The problem:
Pick out each line of the records that includes the string "assms", and copy it.

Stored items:
----

lemma semi_hopf_assoc:
  "x \<in> X \<Longrightarrow> y \<in> X \<Longrightarrow> z \<in> X \<Longrightarrow> w \<in> X \<Longrightarrow> a \<in> mcarrier (A x y)
   \<Longrightarrow> b \<in> mcarrier (A y z) \<Longrightarrow> c \<in> mcarrier (A z w)
   \<Longrightarrow> m x z w (m x y z a b) c = m x y w a (m y z w b c)"
proof -
  have "\<forall>x\<in>X. \<forall>y\<in>X. \<forall>z\<in>X. \<forall>w\<in>X.
        \<forall>a\<in>mcarrier (A x y). \<forall>b\<in>mcarrier (A y z). \<forall>c\<in>mcarrier (A z w).
          m x z w (m x y z a b) c = m x y w a (m y z w b c)"
    using SH unfolding semi_hopf_category_def by (elim conjE) assumption
  then show "x \<in> X \<Longrightarrow> y \<in> X \<Longrightarrow> z \<in> X \<Longrightarrow> w \<in> X \<Longrightarrow> a \<in> mcarrier (A x y)
   \<Longrightarrow> b \<in> mcarrier (A y z) \<Longrightarrow> c \<in> mcarrier (A z w)
   \<Longrightarrow> m x z w (m x y z a b) c = m x y w a (m y z w b c)" by simp
qed

lemma semi_hopf_unit_left: "x \<in> X \<Longrightarrow> y \<in> X \<Longrightarrow> a \<in> mcarrier (A x y) \<Longrightarrow> m x x y (j x) a = a"
  and semi_hopf_unit_right: "x \<in> X \<Longrightarrow> y \<in> X \<Longrightarrow> a \<in> mcarrier (A x y) \<Longrightarrow> m x y y a (j y) = a"
proof -
  have "\<forall>x\<in>X. \<forall>y\<in>X. \<forall>a\<in>mcarrier (A x y). m x x y (j x) a = a \<and> m x y y a (j y) = a"
    using SH unfolding semi_hopf_category_def by (elim conjE) assumption
  then show "x \<in> X \<Longrightarrow> y \<in> X \<Longrightarrow> a \<in> mcarrier (A x y) \<Longrightarrow> m x x y (j x) a = a"
    and "x \<in> X \<Longrightarrow> y \<in> X \<Longrightarrow> a \<in> mcarrier (A x y) \<Longrightarrow> m x y y a (j y) = a" by simp_all
qed

end

section \<open>The convolution operators \<open>L\<close> and \<open>R\<close>\<close>

definition id_conv ::
  "('x \<Rightarrow> 'x \<Rightarrow> ('k::comm_ring_1, 'a) kmod) \<Rightarrow> ('x \<Rightarrow> 'x \<Rightarrow> 'x \<Rightarrow> 'a \<Rightarrow> 'a \<Rightarrow> 'a)
   \<Rightarrow> ('x \<Rightarrow> 'x \<Rightarrow> 'a \<Rightarrow> ('a \<times> 'a) list) \<Rightarrow> 'x \<Rightarrow> 'x \<Rightarrow> ('a \<Rightarrow> 'a) \<Rightarrow> 'a \<Rightarrow> 'a" where
  "id_conv A m delta x y g a = msum (A x y) (map (\<lambda>(u, v). m x y y u (g v)) (delta x y a))"

definition antipode_conv ::
  "('x \<Rightarrow> 'x \<Rightarrow> ('k::comm_ring_1, 'a) kmod) \<Rightarrow> ('x \<Rightarrow> 'x \<Rightarrow> 'x \<Rightarrow> 'a \<Rightarrow> 'a \<Rightarrow> 'a)
   \<Rightarrow> ('x \<Rightarrow> 'x \<Rightarrow> 'a \<Rightarrow> ('a \<times> 'a) list) \<Rightarrow> ('x \<Rightarrow> 'x \<Rightarrow> 'a \<Rightarrow> 'a) \<Rightarrow> 'x \<Rightarrow> 'x
   \<Rightarrow> ('a \<Rightarrow> 'a) \<Rightarrow> 'a \<Rightarrow> 'a" where
  "antipode_conv A m delta s x y h a = msum (A y y) (map (\<lambda>(u, v). m y x y (s x y u) (h v)) (delta x y a))"

locale right_antipode_equal_rank =
  fixes X :: "'x set" and A :: "'x \<Rightarrow> 'x \<Rightarrow> ('k::comm_ring_1, 'a) kmod"
    and m :: "'x \<Rightarrow> 'x \<Rightarrow> 'x \<Rightarrow> 'a \<Rightarrow> 'a \<Rightarrow> 'a" and j :: "'x \<Rightarrow> 'a"
    and delta :: "'x \<Rightarrow> 'x \<Rightarrow> 'a \<Rightarrow> ('a \<times> 'a) list" and eps :: "'x \<Rightarrow> 'x \<Rightarrow> 'a \<Rightarrow> 'k"
    and s :: "'x \<Rightarrow> 'x \<Rightarrow> 'a \<Rightarrow> 'a" and x y :: 'x and b e :: "nat \<Rightarrow> 'a" and n :: nat
  assumes SH: "semi_hopf_category X A m j delta eps"
    and RA: "right_antipode X A m j delta eps s"
    and x: "x \<in> X" and y: "y \<in> X"
    and basis_xy: "is_basis (A x y) b n" and basis_yy: "is_basis (A y y) e n"
begin

abbreviation "L \<equiv> id_conv A m delta x y"
abbreviation "R \<equiv> antipode_conv A m delta s x y"

lemma kmodule_xy: "is_kmodule (A x y)" by (rule semi_hopf_kmodule[OF SH x y])
lemma kmodule_yy: "is_kmodule (A y y)" by (rule semi_hopf_kmodule[OF SH y y])
lemma kmodule_xx: "is_kmodule (A x x)" by (rule semi_hopf_kmodule[OF SH x x])
lemma coalgebra_xy: "coalgebra (A x y) (delta x y) (eps x y)" by (rule semi_hopf_coalgebra[OF SH x y])

lemma delta_xy_in: "a \<in> mcarrier (A x y) \<Longrightarrow> (u, v) \<in> set (delta x y a) \<Longrightarrow> u \<in> mcarrier (A x y) \<and> v \<in> mcarrier (A x y)"
  by (rule coalgebra_delta_in[OF coalgebra_xy])

lemma antipode_klinear: "klinear (A x y) (A y x) (s x y)"
  and right_antipode_xy: "a \<in> mcarrier (A x y) \<Longrightarrow>
     msum (A x x) (map (\<lambda>(u, v). m x y x u (s x y v)) (delta x y a)) = msmult (A x x) (eps x y a) (j x)"
  using RA x y unfolding right_antipode_def by blast+

lemma antipode_in: "u \<in> mcarrier (A x y) \<Longrightarrow> s x y u \<in> mcarrier (A y x)"
  by (rule klinear_in[OF antipode_klinear])

lemma id_conv_cong:
  assumes "\<And>v. v \<in> mcarrier (A x y) \<Longrightarrow> g v = g' v" and a: "a \<in> mcarrier (A x y)"
  shows "L g a = L g' a"
  unfolding id_conv_def using assms delta_xy_in[OF a] by (auto intro!: arg_cong[where f="msum (A x y)"])

lemma antipode_conv_cong:
  assumes "\<And>v. v \<in> mcarrier (A x y) \<Longrightarrow> h v = h' v" and a: "a \<in> mcarrier (A x y)"
  shows "R h a = R h' a"
  unfolding antipode_conv_def using assms delta_xy_in[OF a] by (auto intro!: arg_cong[where f="msum (A y y)"])

lemma klinear_antipode_conv:
  assumes h: "klinear (A x y) (A x y) h"
  shows "klinear (A x y) (A y y) (R h)"
proof -
  have "bilinear (A x y) (A y y) (\<lambda>u v. m y x y (s x y u) (h v))"
    unfolding bilinear_def
    using klinear_comp[OF antipode_klinear semi_hopf_klinear_comp_left[OF SH y x y klinear_in[OF h]]]
      klinear_comp[OF h semi_hopf_klinear_comp_right[OF SH y x y antipode_in]]
    by blast
  then show ?thesis unfolding antipode_conv_def
    by (rule klinear_coproduct_sum[OF coalgebra_xy kmodule_xy kmodule_yy basis_yy])
qed

lemma right_antipode_comp:
  assumes u: "u \<in> mcarrier (A x y)" and t: "t \<in> mcarrier (A x y)"
  shows "msum (A x y) (map (\<lambda>(p, q). m x y y p (m y x y (s x y q) t)) (delta x y u))
       = msmult (A x y) (eps x y u) t"
proof -
  let ?ps = "\<lambda>(p, q). m x y x p (s x y q)"
  have ps_in: "\<forall>z\<in>set (delta x y u). ?ps z \<in> mcarrier (A x x)"
    using delta_xy_in[OF u] semi_hopf_comp_in[OF SH x y x] antipode_in by fastforce
  have "msum (A x y) (map (\<lambda>(p, q). m x y y p (m y x y (s x y q) t)) (delta x y u))
      = msum (A x y) (map (\<lambda>z. m x x y (?ps z) t) (delta x y u))"
    using delta_xy_in[OF u] semi_hopf_assoc[OF SH x y x y _ antipode_in t]
    by (auto intro!: arg_cong[where f="msum (A x y)"])
  also have "\<dots> = m x x y (msum (A x x) (map ?ps (delta x y u))) t"
    using klinear_msum_map[OF kmodule_xx kmodule_xy semi_hopf_klinear_comp_left[OF SH x x y t] ps_in]
    by simp
  also have "\<dots> = m x x y (msmult (A x x) (eps x y u) (j x)) t"
    by (simp add: right_antipode_xy[OF u])
  also have "\<dots> = msmult (A x y) (eps x y u) t"
    using klinear_smult[OF semi_hopf_klinear_comp_left[OF SH x x y t] semi_hopf_unit_in[OF SH x]]
      semi_hopf_unit_left[OF SH x y t] by simp
  finally show ?thesis .
qed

----

Solution to the problem:
  unfolding id_conv_def using assms delta_xy_in[OF a] by (auto intro!: arg_cong[where f="msum (A x y)"])
  unfolding antipode_conv_def using assms delta_xy_in[OF a] by (auto intro!: arg_cong[where f="msum (A y y)"])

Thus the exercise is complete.